Nick shrugged. While Nick’s dad had paid for his bastard son’s education, Lord Terence Arbuthnot didn’t like acknowledging his youthful indiscretions. He’d ditched
Magda so long ago that even I didn’t remember him, but he and Nick checked in with each other every few years. I had no idea if their relationship included calling in favors.
“I want the MacBook Pro,” EG announced into the silence.
“You have an iPad. You don’t need another portable device. Look at the low end iMacs. I want it out where I can see what you’re doing.” I’d promised her the computer when I’d thought we were millionaires. I couldn’t renege on my promise now that I was feeling cranky and less generous.
“I’m not a baby,” she argued. “You don’t need to watch over my shoulder.”
I gave her the old gimlet eye. She’d gotten herself kidnapped a few weeks back by emailing the universe of evil.
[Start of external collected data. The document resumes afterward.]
(* Let $\mathcal{P}=\{1,\dots,p\}$, let $M(1),\dots,M(p)\in\mathbb{R}^{n\times n}$ be exponentially stable (Hurwitz) matrices, and let $N\in\mathbb{R}^{n\times n}$ be a fixed matrix. Let $\tau_D>0$ and $\lambda>0$. Then there exists $g_0>0$ such that for every $g\ge g_0$ there is a constant $c>0$ such that, for every switching signal $\sigma\in\mathcal{S}(\tau_D)$ and every initial condition, the solution of $\dot x=\big(N+gM(\sigma(t))\big)x$ satisfies $\|x(t)\|\le c\,e^{-\lambda t}\|x(0)\|$ for all $t\ge0$.
   Context: A switching signal is a piecewise-constant, right-continuous map $\sigma:[0,\infty)\to\mathcal{P}$ with finitely many discontinuities on each bounded interval; $\mathcal{S}(\tau_D)$ is the set of switching signals whose consecutive discontinuity times $t_1<t_2<\cdots$ (with $t_0=0$) satisfy $t_{k+1}-t_k\ge\tau_D$ for all $k\ge0$. $\|\cdot\|$ is any vector norm (with induced matrix norm). *)

theory Defs
  imports "HOL-Analysis.Analysis"
begin

definition cmat :: "real^'n^'n \<Rightarrow> complex^'n^'n" where
  "cmat A = (\<chi> i j. complex_of_real (A $ i $ j))"

definition hurwitz :: "real^'n^'n \<Rightarrow> bool" where
  "hurwitz A \<longleftrightarrow> (\<forall>(l::complex) (v::complex^'n). v \<noteq> 0 \<and> cmat A *v v = l *s v \<longrightarrow> Re l < 0)"

definition switch_times :: "(real \<Rightarrow> nat) \<Rightarrow> real set" where
  "switch_times \<sigma> = {t. t > 0 \<and> \<not> isCont \<sigma> t}"

text \<open>Switching signals with values in {1..p}: piecewise constant, right-continuous,
  finitely many discontinuities on each bounded interval, and dwell time at least tauD
  between consecutive discontinuity times (with t_0 = 0).\<close>
definition dwell_signals :: "nat \<Rightarrow> real \<Rightarrow> (real \<Rightarrow> nat) set" where
  "dwell_signals p \<tau>D = {\<sigma>.
      (\<forall>t\<ge>0. \<sigma> t \<in> {1..p})
    \<and> (\<forall>t\<ge>0. (\<sigma> \<longlongrightarrow> \<sigma> t) (at_right t))
    \<and> (\<forall>T. finite (switch_times \<sigma> \<inter> {..T}))
    \<and> (\<forall>s\<in>insert 0 (switch_times \<sigma>). \<forall>t\<in>insert 0 (switch_times \<sigma>). s < t \<longrightarrow> \<tau>D \<le> t - s)}"

end

theory Submission
  imports Defs "Jordan_Normal_Form.Schur_Decomposition"
begin

text \<open>
  Every Hurwitz matrix \<open>M i\<close> admits a Lyapunov function \<open>u \<mapsto> \<parallel>f\<^sub>i u\<parallel>\<close>, where \<open>f\<^sub>i\<close> is an
  injective linear map to complex coordinates: take a Schur triangularisation of \<open>M i\<close> and
  rescale the \<open>k\<close>-th coordinate by \<open>e\<^sup>k\<close>; for small \<open>e\<close> the strictly upper triangular part
  is dominated by the diagonal, whose entries have negative real parts, so
  \<open>Re \<langle>f\<^sub>i (M i u), f\<^sub>i u\<rangle> \<le> - a \<parallel>f\<^sub>i u\<parallel>\<^sup>2\<close>.  For the generator \<open>N + g M i\<close> the same
  inequality holds with rate \<open>r = g a - K\<close>, where \<open>K\<close> absorbs \<open>N\<close>.  Along a solution the
  Lyapunov function of the active mode therefore decays like \<open>exp (- r t)\<close> between switches,
  and at a switch it is multiplied by at most \<open>L = B / m\<close>, the ratio of the uniform norm
  bounds \<open>m \<parallel>u\<parallel> \<le> \<parallel>f\<^sub>i u\<parallel> \<le> B \<parallel>u\<parallel>\<close>.  A dwell-time signal switches at most \<open>t / \<tau>\<^sub>D\<close> times
  up to time \<open>t\<close>, so \<open>L\<^bsup>t/\<tau>\<^sub>D\<^esup> exp (- r t) \<le> exp (- \<lambda> t)\<close> once \<open>g\<close> is so large that
  \<open>r \<ge> \<lambda> + ln L / \<tau>\<^sub>D\<close>.
\<close>

no_notation vec_index (infixl "$" 100)
no_notation scalar_prod (infix "\<bullet>" 70)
Guiltily, she went back to crunching cereal.
Patra clattered down next, wearing what might be called a power red suit, except the skirt was about a foot too short for professional. I’m a lousy judge of style, but human nature I understand. Patra was not sending the message she ought to be if that was for her Broderick Media interview.
“They’re hiring hookers?” Nick asked for me. Since he’s our family arbiter of fashion, his words spoke louder than mine.
“I’m getting that job,” she said, throwing her portfolio on the table. “I’m not an idiot, okay?” she said defiantly at our incredulous looks. “But if Bill died for me, I owe him the respect of finding out why.”
The three of us familiar with the Power of the Candelabra waited expectantly for Graham’s opinion of that news. The silver remained oddly silent. Or ominously, as the case might be.
I raised my eyebrows and shrugged. “Are you sure the people interviewing you are men?”
Patra sent me a look of scorn. “It’s Broderick. What do you think?”
“Point taken, although it’s a point against working for the sexist pigs.”
“If Broderick had his way, women would be barefoot and pregnant and never seen in public. Al Qaeda has nothing on him. I’m going for the modern harem girl look.” Patra admired the platters of eggs on the buffet and helped herself to a healthy portion of everything in sight.